Через ту бандуру, бандурыстом став.
– Шо за писня, деда?! – спрашивает Миколка, надевая на мокрое тело бешмет и шаровары.
– Старинная, Миколушка, казачья, – отвечает дед Трохим. – Дед мой спивал, балакал, шо в запорожской вольнице песня эта родилась. Предки наши Крым воевали, татар да турков били. У одного казака жинка молода у хате залышалась. Ждала, стало быть, его. А вин сгинул на войне той.
– Деда, – вновь спрашивает Миколка. – А наши предки Крым-то взяли?
Дед Трохим ничего не ответил, молча поднялся и пошел себе. Миколка вслед ему кричит:
– Деда! Деда!
А тот знай себе идет, не оборачиваясь.
– Деда!
– Микола! – прозвучало откуда-то издалека. – Микола, проснись!
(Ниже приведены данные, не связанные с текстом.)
lemma bimodule_map2_expand:
  assumes "bimodule_map2 \<sigma>"
  shows "\<sigma> c = (\<lambda>x y i. \<Sum>a\<in>UNIV. \<Sum>b\<in>UNIV. c a b i * \<sigma> (EE a b) x y i)"
proof -
  have c: "c = lmul2 (c True True) (EE True True) + lmul2 (c True False) (EE True False)
      + lmul2 (c False True) (EE False True) + lmul2 (c False False) (EE False False)"
    by (simp only: coefficient_simps calculus_defs; (simp only: bit_ring_simps)?)
  have "\<sigma> c = \<sigma> (lmul2 (c True True) (EE True True)) + \<sigma> (lmul2 (c True False) (EE True False))
      + \<sigma> (lmul2 (c False True) (EE False True)) + \<sigma> (lmul2 (c False False) (EE False False))"
    using assms unfolding bimodule_map2_def additive_def by (metis c)
  also have "\<dots> = lmul2 (c True True) (\<sigma> (EE True True)) + lmul2 (c True False) (\<sigma> (EE True False))
      + lmul2 (c False True) (\<sigma> (EE False True)) + lmul2 (c False False) (\<sigma> (EE False False))"
    using assms unfolding bimodule_map2_def by simp
  finally show ?thesis
    by (simp only: fun_eq_iff lmul2_def sum_UNIV_bool plus_fun_apply add.assoc simp_thms)
qed

lemma bimodule_map2_degree:
  assumes "bimodule_map2 \<sigma>" and "sh x + sh y \<noteq> sh a + sh b"
  shows "\<sigma> (EE a b) x y i = 0"
proof -
  define \<delta> :: A where "\<delta> = (\<lambda>j. if j = i + sh a + sh b then 1 else 0)"
  have "rmul2 (EE a b) \<delta> = lmul2 (\<lambda>j. \<delta> (j + sh a + sh b)) (EE a b)"
    by (auto simp: fun_eq_iff rmul2_def lmul2_def EE_def Rsh_def add.assoc add.commute)
  then have "lmul2 (\<lambda>j. \<delta> (j + sh a + sh b)) (\<sigma> (EE a b)) = rmul2 (\<sigma> (EE a b)) \<delta>"
    using assms(1) unfolding bimodule_map2_def by metis
  then have "\<delta> (i + sh a + sh b) * \<sigma> (EE a b) x y i = \<sigma> (EE a b) x y i * \<delta> (i + sh x + sh y)"
    unfolding lmul2_def rmul2_def Rsh_def by (metis add.assoc add.commute)
  moreover have "i + sh x + sh y \<noteq> i + sh a + sh b"
    using assms(2) by (simp add: add.assoc)
  ultimately show ?thesis
    by (simp add: \<delta>_def)
qed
Билый открыл глаза. Темно. Сразу и не понял, в чем дело. В плечо его толкает кто.
– Слышь, Микола!
Билый поправил съехавшую на глаза шапку. Суздалев негромко кричал ему почти в самое ухо.
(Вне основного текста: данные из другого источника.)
(* Let $P$ be an EVM program, let $(\mathcal{X}_{pc})_{pc}$ be the least solution of the addresses equation system $\mathcal{E}(P)$, and let $\xi_P=\bigcup_{m>0}\mathcal{C}_P^m(X_0)$ be the collecting semantics of $P$. For every program point $pc$ and every stack state $\langle n,\sigma\rangle$ such that some pair $\langle S,S'\rangle\in\xi_P$ has $S'=\langle pc,\langle n,\sigma\rangle\rangle$ (equivalently, the program state $\langle pc,\langle n,\sigma\rangle\rangle$ is reachable from $S_0=\langle 0,\langle 0,\sigma_\emptyset\rangle\rangle$ by the transition relation $\Rightarrow$), there exists $s\in dom(\mathcal{X}_{pc})$ such that $\langle n,\sigma\rangle\in\mathcal{X}_{pc}(s)$.
   Context: EVM programs. An EVM program $P\equiv b_0,\dots,b_p$ is a finite sequence of instructions, each located at a program counter (byte offset); $b_{pc}$ denotes the instruction at program counter $pc$, and $size(b)$ is the number of bytes of instruction $b$ (e.g. $size(\texttt{POP})=1$, $size(\texttt{PUSH}x\ v)=x+1$), so the instruction following $b_{pc}$ is at $pc+size(b_{pc})$. Let $Jump=\{\texttt{JUMP},\texttt{JUMPI}\}$, $End=\{\texttt{REVERT},\texttt{STOP},\texttt{INVALID}\}$, and $\mathcal{J}(P)=\{pc\mid b_{pc}\equiv\texttt{JUMPDEST}\}$ (possible jump destinations). Each instruction $b$ other than those treated specially removes $\delta$ items from and then places $\alpha$ items on the stack (written $b^{\delta,\alpha}$). Stack states. A stack state is a pair $\langle n,\sigma\rangle$ where $n\ge 0$ is the number of stack elements (bounded by a fixed constant, the stack has positions $s_0,\dots,s_{n-1}$, top $s_{n-1}$) and $\sigma$ is a partial map from positions to finite sets of jump destinations. $\sigma_\emptyset$ is the empty map; $m[x\mapsto y]$ is $m$ updated at $x$; $m\backslash[x_1,\dots,x_k]$ is $m$ with $x_1,\dots,x_k$ removed from the domain. Simplified semantics. Program states are $\langle pc,\langle n,\sigma\rangle\rangle$; the transition relation $\Rightarrow$ is given by: (1) $b_{pc}=\texttt{JUMP}$: $\langle pc,\langle n,\sigma\rangle\rangle\Rightarrow\langle v,\langle n-1,\sigma\backslash[s_{n-1}]\rangle\rangle$ where $\sigma(s_{n-1})=\{v\}$; (2) $b_{pc}=\texttt{JUMPI}$: $\Rightarrow\langle v,\langle n-2,\sigma\backslash[s_{n-1},s_{n-2}]\rangle\rangle$ with $\sigma(s_{n-1})=\{v\}$; (3) $b_{pc}=\texttt{JUMPI}$: $\Rightarrow\langle pc+size(b_{pc}),\langle n-2,\sigma\backslash[s_{n-1},s_{n-2}]\rangle\rangle$; in all remaining rules the new program counter is $pc+size(b_{pc})$ and the new stack state is $\lambda(b_{pc},\langle n,\sigma\rangle)$ defined below, for $b_{pc}\notin Jump\cup End$. No transition exists from $b_{pc}\in End$. Update function $\lambda$ on stack states: $\lambda(\texttt{JUMP},\langle n,\sigma\rangle)=\langle n-1,\sigma\backslash[s_{n-1}]\rangle$; $\lambda(\texttt{JUMPI},\langle n,\sigma\rangle)=\langle n-2,\sigma\backslash[s_{n-1},s_{n-2}]\rangle$; $\lambda(\texttt{PUSH}x\ v,\langle n,\sigma\rangle)=\langle n+1,\sigma[s_n\mapsto\{v\}]\rangle$ if $v\in\mathcal{J}(P)$ and $\langle n+1,\sigma\rangle$ otherwise; $\lambda(\texttt{DUP}x,\langle n,\sigma\rangle)=\langle n+1,\sigma[s_n\mapsto\sigma(s_{n-x})]\rangle$ if $s_{n-x}\in dom(\sigma)$, else $\langle n+1,\sigma\rangle$; $\lambda(\texttt{SWAP}x,\langle n,\sigma\rangle)=\langle n,\sigma'\rangle$ where $\sigma'$ is $\sigma$ with the contents (defined or undefined) of positions $s_{n-1}$ and $s_{n-x-1}$ exchanged; for any other $b^{\delta,\alpha}\notin End$: $\lambda(b,\langle n,\sigma\rangle)=\langle n-\delta+\alpha,\sigma\backslash[s_{n-1},\dots,s_{n-\delta}]\rangle$. Abstract domain. An abstract state is a partial map $\pi$ from stack states to sets of stack states. $\pi_1\sqsubseteq\pi_2$ iff $dom(\pi_1)\subseteq dom(\pi_2)$ and $\pi_1(s)\subseteq\pi_2(s)$ for all $s\in dom(\pi_1)$; the join is $(\pi_1\sqcup\pi_2)(s)=img(\pi_1,s)\cup img(\pi_2,s)$ on $dom(\pi_1)\cup dom(\pi_2)$, with $img(\pi,s)=\pi(s)$ if $s\in dom(\pi)$ and $\emptyset$ otherwise; the bottom $\pi_\bot$ is the empty map. Transfer function: $\tau(b,\pi)$ has domain $dom(\pi)$ and $\tau(b,\pi)(s)=\{\lambda(b,t)\mid t\in\pi(s)\}$. For a stack state $t$, $idmap(t)$ is the map with domain $\{t\}$ sending $t$ to $\{t\}$. Addresses equation system $\mathcal{E}(P)$: one variable $\mathcal{X}_{pc}$ (an abstract state, describing stack states before executing $b_{pc}$, indexed by the entry stack state of the enclosing block) per program point, with constraints: $\mathcal{X}_0\sqsupseteq idmap(\langle 0,\sigma_\emptyset\rangle)$; (1) if $b_{pc}=\texttt{JUMP}$: for all $s\in dom(\mathcal{X}_{pc})$, $\langle n,\sigma\rangle\in\mathcal{X}_{pc}(s)$ and $v\in\sigma(s_{n-1})$, $\mathcal{X}_v\sqsupseteq idmap(\lambda(b_{pc},\langle n,\sigma\rangle))$; (2) if $b_{pc}=\texttt{JUMPI}$: the same constraints, plus $\mathcal{X}_{pc+1}\sqsupseteq idmap(\lambda(b_{pc},\langle n,\sigma\rangle))$ for all such $s,\langle n,\sigma\rangle$; (3) if $b_{pc}\notin End\cup Jump$ and $b_{pc+size(b_{pc})}=\texttt{JUMPDEST}$: $\mathcal{X}_{pc+size(b_{pc})}\sqsupseteq idmap(\lambda(b_{pc},\langle n,\sigma\rangle))$ for all $s\in dom(\mathcal{X}_{pc})$, $\langle n,\sigma\rangle\in\mathcal{X}_{pc}(s)$; (4) otherwise, if $b_{pc}\notin End\cup Jump$: $\mathcal{X}_{pc+size(b_{pc})}\sqsupseteq\tau(b_{pc},\mathcal{X}_{pc})$. The least solution is the pointwise $\sqsubseteq$-least assignment satisfying all constraints. Collecting semantics: $\mathcal{C}_P(X)=\{\langle S,S'\rangle\mid\langle\_,S\rangle\in X\wedge S\Rightarrow S'\}$, $X_0=\{\langle\_,\langle 0,\langle 0,\sigma_\emptyset\rangle\rangle\rangle\}$ (initial configuration), $\xi_P=\bigcup_{m>0}\mathcal{C}_P^m(X_0)$. *)

theory Defs
  imports Main
begin

text \<open>JUMP, JUMPI, JUMPDEST, PUSHx v, DUPx, SWAPx and the End
instructions are treated specially; every other instruction is represented
generically by Op delta alpha (it removes delta items and then places alpha
items on the stack); such instructions have size 1.\<close>

datatype instr =
    JUMP | JUMPI | JUMPDEST
  | PUSH nat nat
  | DUP nat
  | SWAP nat
  | REVERT | STOP | INVALID
  | Op nat nat

text \<open>A program maps program counters (byte offsets) to instructions.\<close>
type_synonym program = "nat \<Rightarrow> instr option"

fun isize :: "instr \<Rightarrow> nat" where
  "isize (PUSH x v) = x + 1"
| "isize _ = 1"

definition is_jump :: "instr \<Rightarrow> bool" where
  "is_jump b \<longleftrightarrow> b = JUMP \<or> b = JUMPI"

definition is_end :: "instr \<Rightarrow> bool" where
  "is_end b \<longleftrightarrow> b = REVERT \<or> b = STOP \<or> b = INVALID"

definition jumpdests :: "program \<Rightarrow> nat set" where
  "jumpdests P = {pc. P pc = Some JUMPDEST}"

text \<open>A stack state is a pair (n, sigma): n is the number of stack elements
(positions s_0 .. s_(n-1), position s_i represented by i) and sigma is a partial
map from positions to sets of jump destinations.\<close>

type_synonym stst = "nat \<times> (nat \<Rightarrow> nat set option)"

fun lam :: "program \<Rightarrow> instr \<Rightarrow> stst \<Rightarrow> stst" where
  "lam P JUMP (n, \<sigma>) = (n - 1, \<sigma>(n - 1 := None))"
| "lam P JUMPI (n, \<sigma>) = (n - 2, \<sigma>(n - 1 := None, n - 2 := None))"
| "lam P (PUSH x v) (n, \<sigma>) =
     (if v \<in> jumpdests P then (n + 1, \<sigma>(n \<mapsto> {v})) else (n + 1, \<sigma>))"
| "lam P (DUP x) (n, \<sigma>) =
     (if n - x \<in> dom \<sigma> then (n + 1, \<sigma>(n := \<sigma> (n - x))) else (n + 1, \<sigma>))"
| "lam P (SWAP x) (n, \<sigma>) =
     (n, \<sigma>(n - 1 := \<sigma> (n - x - 1), n - x - 1 := \<sigma> (n - 1)))"
| "lam P JUMPDEST (n, \<sigma>) = (n, \<sigma>)"
| "lam P (Op d a) (n, \<sigma>) = (n - d + a, \<sigma> |` (- {n - d..<n}))"
| "lam P REVERT s = s"    \<comment> \<open>never used (End instructions)\<close>
| "lam P STOP s = s"
| "lam P INVALID s = s"

type_synonym pstate = "nat \<times> stst"

inductive step :: "program \<Rightarrow> pstate \<Rightarrow> pstate \<Rightarrow> bool" for P where
  jump: "P pc = Some JUMP \<Longrightarrow> \<sigma> (n - 1) = Some {v} \<Longrightarrow>
     step P (pc, (n, \<sigma>)) (v, (n - 1, \<sigma>(n - 1 := None)))"
| jumpi_taken: "P pc = Some JUMPI \<Longrightarrow> \<sigma> (n - 1) = Some {v} \<Longrightarrow>
     step P (pc, (n, \<sigma>)) (v, (n - 2, \<sigma>(n - 1 := None, n - 2 := None)))"
| jumpi_next: "P pc = Some JUMPI \<Longrightarrow>
     step P (pc, (n, \<sigma>)) (pc + isize JUMPI, (n - 2, \<sigma>(n - 1 := None, n - 2 := None)))"
| other: "P pc = Some b \<Longrightarrow> \<not> is_jump b \<Longrightarrow> \<not> is_end b \<Longrightarrow>
     step P (pc, t) (pc + isize b, lam P b t)"

definition collect :: "program \<Rightarrow> (pstate \<times> pstate) set \<Rightarrow> (pstate \<times> pstate) set" where
  "collect P X = {(S, S'). (\<exists>S0. (S0, S) \<in> X) \<and> step P S S'}"

definition init_state :: pstate where
  "init_state = (0, (0, Map.empty))"

definition X0 :: "(pstate \<times> pstate) set" where
  "X0 = {(S, init_state) | S. True}"

definition xi :: "program \<Rightarrow> (pstate \<times> pstate) set" where
  "xi P = (\<Union>m\<in>{m. m > 0}. (collect P ^^ m) X0)"

type_synonym absst = "stst \<Rightarrow> stst set option"

definition img :: "absst \<Rightarrow> stst \<Rightarrow> stst set" where
  "img \<pi> s = (case \<pi> s of Some A \<Rightarrow> A | None \<Rightarrow> {})"

definition abs_le :: "absst \<Rightarrow> absst \<Rightarrow> bool" where
  "abs_le \<pi>1 \<pi>2 \<longleftrightarrow> dom \<pi>1 \<subseteq> dom \<pi>2 \<and> (\<forall>s\<in>dom \<pi>1. the (\<pi>1 s) \<subseteq> the (\<pi>2 s))"

definition tau :: "program \<Rightarrow> instr \<Rightarrow> absst \<Rightarrow> absst" where
  "tau P b \<pi> = (\<lambda>s. map_option (\<lambda>A. lam P b ` A) (\<pi> s))"

definition idmap :: "stst \<Rightarrow> absst" where
  "idmap t = [t \<mapsto> {t}]"

definition satisfies :: "program \<Rightarrow> (nat \<Rightarrow> absst) \<Rightarrow> bool" where
  "satisfies P X \<longleftrightarrow>
     abs_le (idmap (0, Map.empty)) (X 0)
   \<and> (\<forall>pc s n \<sigma> V v. P pc \<in> {Some JUMP, Some JUMPI} \<longrightarrow> s \<in> dom (X pc) \<longrightarrow>
        (n, \<sigma>) \<in> the (X pc s) \<longrightarrow> \<sigma> (n - 1) = Some V \<longrightarrow> v \<in> V \<longrightarrow>
        abs_le (idmap (lam P (the (P pc)) (n, \<sigma>))) (X v))
   \<and> (\<forall>pc s t. P pc = Some JUMPI \<longrightarrow> s \<in> dom (X pc) \<longrightarrow> t \<in> the (X pc s) \<longrightarrow>
        abs_le (idmap (lam P JUMPI t)) (X (pc + 1)))
   \<and> (\<forall>pc b. P pc = Some b \<longrightarrow> \<not> is_end b \<longrightarrow> \<not> is_jump b \<longrightarrow>
        (if P (pc + isize b) = Some JUMPDEST
         then (\<forall>s t. s \<in> dom (X pc) \<longrightarrow> t \<in> the (X pc s) \<longrightarrow>
                 abs_le (idmap (lam P b t)) (X (pc + isize b)))
         else abs_le (tau P b (X pc)) (X (pc + isize b))))"

definition least_solution :: "program \<Rightarrow> (nat \<Rightarrow> absst) \<Rightarrow> bool" where
  "least_solution P X \<longleftrightarrow> satisfies P X \<and>
     (\<forall>Y. satisfies P Y \<longrightarrow> (\<forall>pc. abs_le (X pc) (Y pc)))"

end

theory Submission
  imports Defs
begin

text \<open>Every state reached from the initial state is reached by a finite path of
\<open>\<Rightarrow>\<close>-steps, and the constraints of \<open>\<E>(P)\<close> are exactly what makes
"the stack state at \<open>pc\<close> occurs in some image of \<open>\<X>\<^sub>p\<^sub>c\<close>" invariant under one step:
jump targets and successors that are \<open>JUMPDEST\<close>s receive the new stack state through
\<open>idmap\<close>, all other successors through \<open>\<tau>\<close>, which keeps the entry state \<open>s\<close>.
Induction along the path proves the claim for every solution of \<open>\<E>(P)\<close>.\<close>

definition abs_mem :: "stst \<Rightarrow> absst \<Rightarrow> bool" where
  "abs_mem t \<pi> \<longleftrightarrow> (\<exists>s\<in>dom \<pi>. t \<in> the (\<pi> s))"

lemma abs_mem_mono: "abs_le \<pi>1 \<pi>2 \<Longrightarrow> abs_mem t \<pi>1 \<Longrightarrow> abs_mem t \<pi>2"
  unfolding abs_le_def abs_mem_def by blast

lemma abs_mem_idmap: "abs_mem t (idmap t)"
  by (simp add: abs_mem_def idmap_def)

lemma abs_mem_if_idmap_le: "abs_le (idmap t) \<pi> \<Longrightarrow> abs_mem t \<pi>"
  using abs_mem_mono abs_mem_idmap by blast

lemma abs_mem_tau: "abs_mem t \<pi> \<Longrightarrow> abs_mem (lam P b t) (tau P b \<pi>)"
  unfolding abs_mem_def tau_def by (force simp: dom_def)

lemma satisfies_step:
  assumes sat: "satisfies P X"
    and mem: "abs_mem t (X pc)"
    and st: "step P (pc, t) (pc', t')"
  shows "abs_mem t' (X pc')"
  using st
proof (cases rule: step.cases)
  case (jump \<sigma> n)
  with sat mem have "abs_le (idmap (lam P JUMP (n, \<sigma>))) (X pc')"
    unfolding satisfies_def abs_mem_def by (metis insertI1 insert_iff option.sel)
  with jump show ?thesis by (simp add: abs_mem_if_idmap_le)
next
  case (jumpi_taken \<sigma> n)
  with sat mem have "abs_le (idmap (lam P JUMPI (n, \<sigma>))) (X pc')"
    unfolding satisfies_def abs_mem_def by (metis insertI1 insert_iff option.sel)
  with jumpi_taken show ?thesis by (simp add: abs_mem_if_idmap_le)
next
  case (jumpi_next \<sigma> n)
  with sat mem have "abs_le (idmap (lam P JUMPI t)) (X (pc + 1))"
    unfolding satisfies_def abs_mem_def by blast
  with jumpi_next show ?thesis by (simp add: abs_mem_if_idmap_le)
next
  case (other b)
  have constraint: "if P (pc + isize b) = Some JUMPDEST
      then \<forall>s t. s \<in> dom (X pc) \<longrightarrow> t \<in> the (X pc s) \<longrightarrow>
             abs_le (idmap (lam P b t)) (X (pc + isize b))
      else abs_le (tau P b (X pc)) (X (pc + isize b))"
    using sat other unfolding satisfies_def by blast
  show ?thesis
  proof (cases "P (pc + isize b) = Some JUMPDEST")
    case True
    from mem obtain s where "s \<in> dom (X pc)" "t \<in> the (X pc s)"
      unfolding abs_mem_def by blast
    with constraint[unfolded if_P[OF True]]
    have "abs_le (idmap (lam P b t)) (X (pc + isize b))"
      by blast
    with other show ?thesis by (simp add: abs_mem_if_idmap_le)
  next
    case False
    with constraint have "abs_le (tau P b (X pc)) (X (pc + isize b))" by simp
    with other mem show ?thesis by (metis abs_mem_mono abs_mem_tau)
  qed
qed

lemma satisfies_reachable:
  assumes sat: "satisfies P X"
    and reach: "(step P)\<^sup>*\<^sup>* init_state (pc, t)"
  shows "abs_mem t (X pc)"
  using reach
proof (induction "(pc, t)" arbitrary: pc t rule: rtranclp_induct)
  case base
  with sat show ?case
    by (simp add: init_state_def satisfies_def abs_mem_if_idmap_le)
next
  case (step S)
  with sat show ?case by (metis satisfies_step surj_pair)
qed

lemma collect_pow_reachable:
  "(S, S') \<in> (collect P ^^ m) X0 \<Longrightarrow> (step P)\<^sup>*\<^sup>* init_state S'"
proof (induction m arbitrary: S S')
  case 0
  then show ?case by (simp add: X0_def)
next
  case (Suc m)
  then obtain S0 where "(S0, S) \<in> (collect P ^^ m) X0" "step P S S'"
    unfolding collect_def by auto
  with Suc.IH show ?case by (meson rtranclp.rtrancl_into_rtrancl)
qed

theorem lemma1:
  fixes P :: program and X :: "nat \<Rightarrow> absst"
    and S :: pstate and pc n :: nat and \<sigma> :: "nat \<Rightarrow> nat set option"
  assumes "least_solution P X"
    and "(S, (pc, (n, \<sigma>))) \<in> xi P"
  shows "\<exists>s\<in>dom (X pc). (n, \<sigma>) \<in> the (X pc s)"
proof -
  from assms(2) obtain m where "(S, (pc, (n, \<sigma>))) \<in> (collect P ^^ m) X0"
    by (auto simp: xi_def)
  then have "(step P)\<^sup>*\<^sup>* init_state (pc, (n, \<sigma>))"
    by (rule collect_pow_reachable)
  moreover have "satisfies P X"
    using assms(1) by (simp add: least_solution_def)
  ultimately show ?thesis
    using satisfies_reachable abs_mem_def by blast
qed

end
– Что случилось? – спросил казак.
– Это ты у меня спрашиваешь? – ответил граф. – Ты сейчас кричал, деда своего звал.
– Ааа, – протянул Микола. – Дед не мой, наш, станичный. Сон мне снился. Картинки из детства. Мы на речке почти все лето пропадали на купалке или рыбалке. Халабуды строили, ивняком покрывали. Бабуля, бывало, на обед зовет: «А ну вылазьте, бисовы душы, з рички, бо вэрба в гузни выростэ!»
– Так ты кричал «Деда!», – поправил односум.
– И дед мне приснился. Песню пел добрую.
– Ясно. А я-то думал, что кошмары тебе снятся.
– Слушай, Ваня, – негромко произнес Билый.
– Что? – на понял Суздалев.
– Тише стало вроде. Хотя и темно еще, – Микола осмотрелся. – Снег больше не проникает внутрь.
Суздалев посмотрел по сторонам, наверх, откуда не так давно обильно стекали ручейки снега. Подставил для верности ладонь. Покрутил ею.
– А ведь и впрямь, не просачивается снег-то. Неужто стихло?
– Нет, Ваня, – отрицательно завертел головой казак. – Это может означать лишь одно. Нас укрыло снежным одеялом. А толщину его мы сможем определить лишь утром, когда из нашего укрытия выбираться будем.
– Почему утром? – переспросил граф.
– Помнишь, профессор напутствовал нас на корабле перед выгрузкой на лед?
– Ну!
– Вспомни, он говорил, что бураны здесь сильные, но обычно к утру полностью стихают.
– И что, ты предлагаешь ждать утра? А если нас занесет так, что откопаться не сможем?
– Сможем, – утвердительно сказал Билый. – Снег хоть и плотный, но легкий, потому что свежий, не лежалый. Откопаться будет не трудно. Нужно будет сначала одну из собак наружу выпустить. А там уже и сами. А сейчас давай-ка постараемся заснуть, друже. Силы нужны.
– Не спится что-то, – отозвался Суздалев, потирая слегка побелевшие щеки. – Да и вообще, может, уже утро! Поди разберись здесь. Не понять ничего.
– Нет, Ваня, не утро, – заверил друга казак. – Снег, особенно свежий, молодой, несмотря на то что его много нанесло, структура довольно мягкая. Значит, свет пропускать способность имеет довольно хорошую. Ты видишь свет?!
– А, – отмахнулся граф. – Здесь и днем света белого не видать порой.
– Да и собаки, односум, ведут себя довольно тихо, значит, не время бодрости для них, – добавил Микола. – Стало быть, до утра еще порядком.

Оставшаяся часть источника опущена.